Big Endian vs Little Endian

  • These are ways to store numbers or data in memory addresses.
  • If two computers (one big-endian and other little-endian) exchange binary data without conversion, they’ll misrepresent values.
  • Big-endian(Big End First) -> most significant byte is stored at the lowest memory address
  • You write it normally -> 1 2 3 4 (left-to-right)
  • example: If we want to store 0x1234567: 
    Adress: 0x100 0x101 0x102 0x103
Data:   12    34    56    78
    • 0x100 is our lowest memory address, hence from “0x12345678”, we take it as normal, just as from left-to-right.
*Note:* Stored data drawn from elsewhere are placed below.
lemma integral_by_types_instruments:
  assumes "\<And>t z. F t z \<in> borel_measurable borel"
    and "\<And>t z. integrable M (\<lambda>\<omega>. F t z (Y0 \<omega>, Y1 \<omega>))"
  shows "(\<integral>\<omega>. F (C \<omega>) (Zv \<omega>) (Y0 \<omega>, Y1 \<omega>) \<partial>M)
    = (\<Sum>t\<in>UNIV. \<Sum>z\<in>UNIV. prob {\<omega>\<in>space M. Zv \<omega> = z}
         * (\<integral>\<omega>. F t z (Y0 \<omega>, Y1 \<omega>) * indicator {\<omega>\<in>space M. C \<omega> = t} \<omega> \<partial>M))"
proof -
  let ?cell = "\<lambda>t z. {\<omega>\<in>space M. C \<omega> = t \<and> Zv \<omega> = z}"
  have expand: "F (C \<omega>) (Zv \<omega>) (Y0 \<omega>, Y1 \<omega>)
      = (\<Sum>t\<in>UNIV. \<Sum>z\<in>UNIV. F t z (Y0 \<omega>, Y1 \<omega>) * indicator (?cell t z) \<omega>)"
    if "\<omega> \<in> space M" for \<omega>
  proof -
    have "F t z (Y0 \<omega>, Y1 \<omega>) * indicator (?cell t z) \<omega>
        = (if z = Zv \<omega> then if t = C \<omega> then F t z (Y0 \<omega>, Y1 \<omega>) else 0 else 0)" for t z
      using that by (auto simp: indicator_def)
    then show ?thesis by (simp only: sum.delta finite UNIV_I if_True)
  qed
  have integrable_cell: "integrable M (\<lambda>\<omega>. F t z (Y0 \<omega>, Y1 \<omega>) * indicator (?cell t z) \<omega>)" for t z
    using integrable_real_mult_indicator[OF _ assms(2)] events_C_Zv[of "\<lambda>c w. c = t \<and> w = z"]
    by simp
  have "(\<integral>\<omega>. F (C \<omega>) (Zv \<omega>) (Y0 \<omega>, Y1 \<omega>) \<partial>M)
      = (\<integral>\<omega>. (\<Sum>t\<in>UNIV. \<Sum>z\<in>UNIV. F t z (Y0 \<omega>, Y1 \<omega>) * indicator (?cell t z) \<omega>) \<partial>M)"
    by (intro Bochner_Integration.integral_cong refl expand)
  also have "\<dots> = (\<Sum>t\<in>UNIV. \<Sum>z\<in>UNIV. \<integral>\<omega>. F t z (Y0 \<omega>, Y1 \<omega>) * indicator (?cell t z) \<omega> \<partial>M)"
    using integrable_cell
    by (simp only: Bochner_Integration.integral_sum Bochner_Integration.integrable_sum)
  finally show ?thesis
    by (simp add: integral_cell_factorizes assms(1))
qed

lemma integrable_Dobs: "integrable M (Dobs C Zv)"
proof -
  have "integrable M (\<lambda>\<omega>. (1::real) * indicator {\<omega>\<in>space M. C \<omega> (Zv \<omega>)} \<omega>)"
    by (rule integrable_real_mult_indicator[OF events_C_Zv[of "\<lambda>c w. c w"]]) simp
  then show ?thesis
    by (rule Bochner_Integration.integrable_cong[THEN iffD1, rotated 2]) (auto simp: Dobs_def)
qed

lemma integrable_Yobs: "integrable M (Yobs Y0 Y1 C Zv)"
proof -
  have "integrable M (\<lambda>\<omega>. Y0 \<omega> + (Y1 \<omega> - Y0 \<omega>) * indicator {\<omega>\<in>space M. C \<omega> (Zv \<omega>)} \<omega>)"
    using events_C_Zv[of "\<lambda>c w. c w"] integrable_Y0 integrable_Y1
    by (intro Bochner_Integration.integrable_add integrable_real_mult_indicator
        Bochner_Integration.integrable_diff)
  then show ?thesis
    by (rule Bochner_Integration.integrable_cong[THEN iffD1, rotated 2]) (auto simp: Yobs_def)
qed

lemma integrable_Zr: "integrable M (Zr Zv l)"
proof -
  have "integrable M (\<lambda>\<omega>. (1::real) * indicator {\<omega>\<in>space M. Zv \<omega> l} \<omega>)"
    by (rule integrable_real_mult_indicator[OF events_Zv[of "\<lambda>z. z l"]]) simp
  then show ?thesis
    by (rule Bochner_Integration.integrable_cong[THEN iffD1, rotated 2]) (auto simp: Zr_def)
qed

lemma integral_Zr: "(\<integral>\<omega>. Zr Zv l \<omega> \<partial>M) = pZ M Zv l"
proof -
  have "(\<integral>\<omega>. Zr Zv l \<omega> \<partial>M) = (\<integral>\<omega>. indicator {\<omega>\<in>space M. Zv \<omega> l} \<omega> \<partial>M)"
    by (intro Bochner_Integration.integral_cong) (auto simp: Zr_def)
  also have "\<dots> = pZ M Zv l"
    using events_Zv[of "\<lambda>z. z l"] by (simp add: pZ_def)
  finally show ?thesis .
qed

lemma prob_not_Zv: "prob {\<omega>\<in>space M. \<not> Zv \<omega> l} = 1 - pZ M Zv l"
proof -
  have "{\<omega>\<in>space M. \<not> Zv \<omega> l} = space M - {\<omega>\<in>space M. Zv \<omega> l}" by auto
  also have "prob \<dots> = 1 - pZ M Zv l"
    unfolding pZ_def by (rule prob_compl[OF events_Zv[of "\<lambda>z. z l"]])
  finally show ?thesis .
qed

lemma pZ_bounds:
  assumes "covZ_posdef M Zv"
  shows "0 < pZ M Zv l" "pZ M Zv l < 1"
proof -
  have "(\<Sum>a\<in>UNIV. \<Sum>b\<in>UNIV. of_bool (a = l) * of_bool (b = l) * covZ M Zv a b) > 0"
    using assms unfolding covZ_posdef_def by (metis (mono_tags) of_bool_eq(2) zero_neq_one)
  then have "covZ M Zv l l > 0"
    by (simp add: mult.assoc flip: sum_distrib_left)
  moreover have "Zr Zv l \<omega> * Zr Zv l \<omega> = Zr Zv l \<omega>" for \<omega>
    by (simp add: Zr_def)
  ultimately have "pZ M Zv l * (1 - pZ M Zv l) > 0"
    by (simp add: covZ_def integral_Zr algebra_simps)
  then show "0 < pZ M Zv l" "pZ M Zv l < 1"
    using measure_nonneg[of M] by (auto simp: pZ_def zero_less_mult_iff)
qed

lemma integral_mult_centered_Zr:
  assumes X: "integrable M X" and p: "0 < pZ M Zv l" "pZ M Zv l < 1"
  shows "(\<integral>\<omega>. X \<omega> * (Zr Zv l \<omega> - pZ M Zv l) \<partial>M) = pZ M Zv l * (1 - pZ M Zv l) * zdiff M Zv X l"
proof -
  define E where "E = {\<omega>\<in>space M. Zv \<omega> l}"
  have E: "E \<in> events" unfolding E_def by (rule events_Zv)
  have "(\<integral>\<omega>. X \<omega> * (Zr Zv l \<omega> - pZ M Zv l) \<partial>M) = (\<integral>\<omega>. X \<omega> * (indicator E \<omega> - prob E) \<partial>M)"
    by (intro Bochner_Integration.integral_cong refl) (simp add: E_def Zr_def pZ_def indicator_def)
  also have "space M - E = {\<omega>\<in>space M. \<not> Zv \<omega> l}" by (auto simp: E_def)
  then have "(\<integral>\<omega>. X \<omega> * (indicator E \<omega> - prob E) \<partial>M) = pZ M Zv l * (1 - pZ M Zv l) * zdiff M Zv X l"
    using integral_mult_centered_indicator[OF prob_space_axioms X E] p
    by (simp add: zdiff_def E_def pZ_def)
  finally show ?thesis .
qed

lemma sum_centered_Zv: "(\<Sum>z\<in>UNIV. (of_bool (z l) - pZ M Zv l) * prob {\<omega>\<in>space M. Zv \<omega> = z}) = 0"
proof -
  have "(\<Sum>z\<in>UNIV. (of_bool (z l) - pZ M Zv l) * prob {\<omega>\<in>space M. Zv \<omega> = z})
      = (\<integral>\<omega>. Zr Zv l \<omega> - pZ M Zv l \<partial>M)"
    using integral_finite_range[OF finite_measure_axioms measurable_Zv, of "\<lambda>z. of_bool (z l) - pZ M Zv l"]
    by (simp add: Zr_def)
  also have "\<dots> = 0"
    using integral_Zr[of l] integrable_Zr[of l] by (simp add: prob_space)
  finally show ?thesis .
qed

lemma variance_mult_phi:
  assumes p: "0 < pZ M Zv l" "pZ M Zv l < 1"
  shows "pZ M Zv l * (1 - pZ M Zv l) * phi M Zv t l
    = (\<Sum>z\<in>UNIV. of_bool (t z) * (of_bool (z l) - pZ M Zv l) * prob {\<omega>\<in>space M. Zv \<omega> = z})"
proof -
  define P where "P z = prob {\<omega>\<in>space M. Zv \<omega> = z}" for z
  define h where "h z = of_bool (t z) * P z" for z
  have q1: "q1 M Zv l w = P (w(l := True)) / pZ M Zv l" for w
  proof -
    have "{\<omega>\<in>space M. (\<forall>k. k \<noteq> l \<longrightarrow> Zv \<omega> k = w k) \<and> Zv \<omega> l} = {\<omega>\<in>space M. Zv \<omega> = w(l := True)}"
      by (auto simp: fun_eq_iff)
    then show ?thesis by (simp add: q1_def pZ_def P_def)
  qed
  have q0: "q0 M Zv l w = P w / (1 - pZ M Zv l)" if "\<not> w l" for w
  proof -
    have "{\<omega>\<in>space M. (\<forall>k. k \<noteq> l \<longrightarrow> Zv \<omega> k = w k) \<and> \<not> Zv \<omega> l} = {\<omega>\<in>space M. Zv \<omega> = w}"
      using that by (auto simp: fun_eq_iff)
    then show ?thesis by (simp add: q0_def prob_not_Zv P_def)
  qed
  have "phi M Zv t l = (\<Sum>w | \<not> w l. h (w(l := True)) / pZ M Zv l) - (\<Sum>w | \<not> w l. h w / (1 - pZ M Zv l))"
    unfolding phi_def sum_subtractf[symmetric]
    by (intro sum.cong refl) (simp add: q1 q0 h_def fun_upd_idem)
  also have "\<dots> = (\<Sum>z | z l. h z / pZ M Zv l) - (\<Sum>z | \<not> z l. h z / (1 - pZ M Zv l))"
    by (simp only: sum_upd_True[where g = "\<lambda>z. h z / pZ M Zv l"])
  also have "\<dots> = (\<Sum>z\<in>UNIV. (if z l then h z / pZ M Zv l else 0) - (if z l then 0 else h z / (1 - pZ M Zv l)))"
    by (simp add: sum_subtractf sum.If_cases Collect_neg_eq)
  also have "\<dots> = (\<Sum>z\<in>UNIV. h z * (of_bool (z l) - pZ M Zv l)) / (pZ M Zv l * (1 - pZ M Zv l))"
    unfolding sum_divide_distrib using p by (intro sum.cong refl) (auto simp: field_simps)
  finally show ?thesis using p by (simp add: h_def P_def mult_ac)
qed

lemma integral_Dobs_mult_centered_Zr:
  assumes p: "0 < pZ M Zv l" "pZ M Zv l < 1"
  shows "(\<integral>\<omega>. Dobs C Zv \<omega> * (Zr Zv l \<omega> - pZ M Zv l) \<partial>M)
    = pZ M Zv l * (1 - pZ M Zv l) * (\<Sum>t\<in>UNIV. theta M C t * phi M Zv t l)"
proof -
  let ?F = "\<lambda>t z (y :: real \<times> real). of_bool (t z) * (of_bool (z l) - pZ M Zv l)"
  have "(\<integral>\<omega>. Dobs C Zv \<omega> * (Zr Zv l \<omega> - pZ M Zv l) \<partial>M) = (\<integral>\<omega>. ?F (C \<omega>) (Zv \<omega>) (Y0 \<omega>, Y1 \<omega>) \<partial>M)"
    by (simp add: Dobs_def Zr_def)
  also have "\<dots> = (\<Sum>t\<in>UNIV. \<Sum>z\<in>UNIV. prob {\<omega>\<in>space M. Zv \<omega> = z}
      * (\<integral>\<omega>. ?F t z (Y0 \<omega>, Y1 \<omega>) * indicator {\<omega>\<in>space M. C \<omega> = t} \<omega> \<partial>M))"
    by (rule integral_by_types_instruments) simp_all
  also have "\<dots> = (\<Sum>t\<in>UNIV. theta M C t
      * (\<Sum>z\<in>UNIV. of_bool (t z) * (of_bool (z l) - pZ M Zv l) * prob {\<omega>\<in>space M. Zv \<omega> = z}))"
    using events_C by (simp add: theta_def sum_distrib_left mult_ac)
  also have "\<dots> = (\<Sum>t\<in>UNIV. theta M C t * (pZ M Zv l * (1 - pZ M Zv l) * phi M Zv t l))"
    by (simp only: variance_mult_phi[OF p])
  also have "\<dots> = pZ M Zv l * (1 - pZ M Zv l) * (\<Sum>t\<in>UNIV. theta M C t * phi M Zv t l)"
    by (simp add: sum_distrib_left mult_ac)
  finally show ?thesis .
qed

lemma integral_outcome_mult_indicator_type:
  "(\<integral>\<omega>. (Y0 \<omega> + c * (Y1 \<omega> - Y0 \<omega>)) * indicator {\<omega>\<in>space M. C \<omega> = t} \<omega> \<partial>M)
    = (\<integral>\<omega>. Y0 \<omega> * indicator {\<omega>\<in>space M. C \<omega> = t} \<omega> \<partial>M) + c * (theta M C t * late M Y0 Y1 C t)"
proof -
  let ?S = "{\<omega>\<in>space M. C \<omega> = t}"
  have S: "?S \<in> events" by (rule events_C)
  have "(\<integral>\<omega>. (Y1 \<omega> - Y0 \<omega>) * indicator ?S \<omega> \<partial>M) = theta M C t * late M Y0 Y1 C t"
    unfolding theta_def late_def by (rule integral_mult_indicator_eq_cmean[OF finite_measure_axioms S])
  moreover have "(\<lambda>\<omega>. (Y0 \<omega> + c * (Y1 \<omega> - Y0 \<omega>)) * indicator ?S \<omega>)
      = (\<lambda>\<omega>. Y0 \<omega> * indicator ?S \<omega> + c * ((Y1 \<omega> - Y0 \<omega>) * indicator ?S \<omega>))"
    by (simp add: fun_eq_iff algebra_simps)
  ultimately show ?thesis
    using S integrable_Y0 integrable_Y1 by (simp add: integrable_real_mult_indicator)
qed

lemma integral_Yobs_mult_centered_Zr:
  assumes p: "0 < pZ M Zv l" "pZ M Zv l < 1"
  shows "(\<integral>\<omega>. Yobs Y0 Y1 C Zv \<omega> * (Zr Zv l \<omega> - pZ M Zv l) \<partial>M)
    = pZ M Zv l * (1 - pZ M Zv l) * (\<Sum>t\<in>UNIV. theta M C t * phi M Zv t l * late M Y0 Y1 C t)"
proof -
  define P where "P z = prob {\<omega>\<in>space M. Zv \<omega> = z}" for z
  define a where "a t = (\<integral>\<omega>. Y0 \<omega> * indicator {\<omega>\<in>space M. C \<omega> = t} \<omega> \<partial>M)" for t
  let ?F = "\<lambda>t z (y :: real \<times> real). (fst y + of_bool (t z) * (snd y - fst y)) * (of_bool (z l) - pZ M Zv l)"
  have "(\<integral>\<omega>. Yobs Y0 Y1 C Zv \<omega> * (Zr Zv l \<omega> - pZ M Zv l) \<partial>M) = (\<integral>\<omega>. ?F (C \<omega>) (Zv \<omega>) (Y0 \<omega>, Y1 \<omega>) \<partial>M)"
    by (intro Bochner_Integration.integral_cong refl) (simp add: Yobs_def Zr_def)
  also have "\<dots> = (\<Sum>t\<in>UNIV. \<Sum>z\<in>UNIV. P z
      * (\<integral>\<omega>. ?F t z (Y0 \<omega>, Y1 \<omega>) * indicator {\<omega>\<in>space M. C \<omega> = t} \<omega> \<partial>M))"
    unfolding P_def
  proof (rule integral_by_types_instruments)
    show "?F t z \<in> borel_measurable borel" for t z
      by (intro borel_measurable_continuous_onI continuous_intros)
    show "integrable M (\<lambda>\<omega>. ?F t z (Y0 \<omega>, Y1 \<omega>))" for t z
      using integrable_Y0 integrable_Y1 by simp
  qed
  also have "\<dots> = (\<Sum>t\<in>UNIV. \<Sum>z\<in>UNIV. P z * ((a t + of_bool (t z) * (theta M C t * late M Y0 Y1 C t))
      * (of_bool (z l) - pZ M Zv l)))"
  proof -
    have "(\<lambda>\<omega>. ?F t z (Y0 \<omega>, Y1 \<omega>) * indicator {\<omega>\<in>space M. C \<omega> = t} \<omega>)
        = (\<lambda>\<omega>. (of_bool (z l) - pZ M Zv l)
            * ((Y0 \<omega> + of_bool (t z) * (Y1 \<omega> - Y0 \<omega>)) * indicator {\<omega>\<in>space M. C \<omega> = t} \<omega>))" for t z
      by (simp add: fun_eq_iff mult_ac)
    then show ?thesis
      by (simp add: integral_outcome_mult_indicator_type a_def mult.commute[of _ "of_bool (_ l) - _"])
  qed
  also have "\<dots> = (\<Sum>t\<in>UNIV. a t * (\<Sum>z\<in>UNIV. (of_bool (z l) - pZ M Zv l) * P z)
      + theta M C t * late M Y0 Y1 C t * (\<Sum>z\<in>UNIV. of_bool (t z) * (of_bool (z l) - pZ M Zv l) * P z))"
  proof -
    have "P z * ((a t + of_bool (t z) * (theta M C t * late M Y0 Y1 C t)) * (of_bool (z l) - pZ M Zv l))
        = a t * ((of_bool (z l) - pZ M Zv l) * P z)
          + theta M C t * late M Y0 Y1 C t * (of_bool (t z) * (of_bool (z l) - pZ M Zv l) * P z)" for t z
      by (simp add: algebra_simps)
    then show ?thesis by (simp only: sum.distrib flip: sum_distrib_left)
  qed
  also have "\<dots> = pZ M Zv l * (1 - pZ M Zv l) * (\<Sum>t\<in>UNIV. theta M C t * phi M Zv t l * late M Y0 Y1 C t)"
    unfolding P_def sum_centered_Zv variance_mult_phi[OF p, symmetric]
    by (simp add: sum_distrib_left mult_ac)
  finally show ?thesis .
qed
  • Little-endian(Little End First) -> least significant byte is stored to the lowest memory address.
  • example: If we want to store 0x12345678:
  • Here, we reverse the order(right-to-left) 
    Address: 0x100 0x101 0x102 0x103
Data:    78    56    34    12
    • 0x100 is the lowest-memory, hence from “0x12345678”, we reverse it(from right-to-left).
  • Another Example:
  • Let’s use a 16-bit word as example , (0xFEED) in this case.
  • Let’s also assume we are storing this word starting at address 0x4000.
  • Big-Endian: 
    Address: 0x4000 0x4001
Data:    FE     ED
  • Little-Endian: 
    Address: 0x4000 0x4001
Data:    ED     FE
  • Big Endian is commonly used in Networking application, while Little Endian is most commonly used in processors.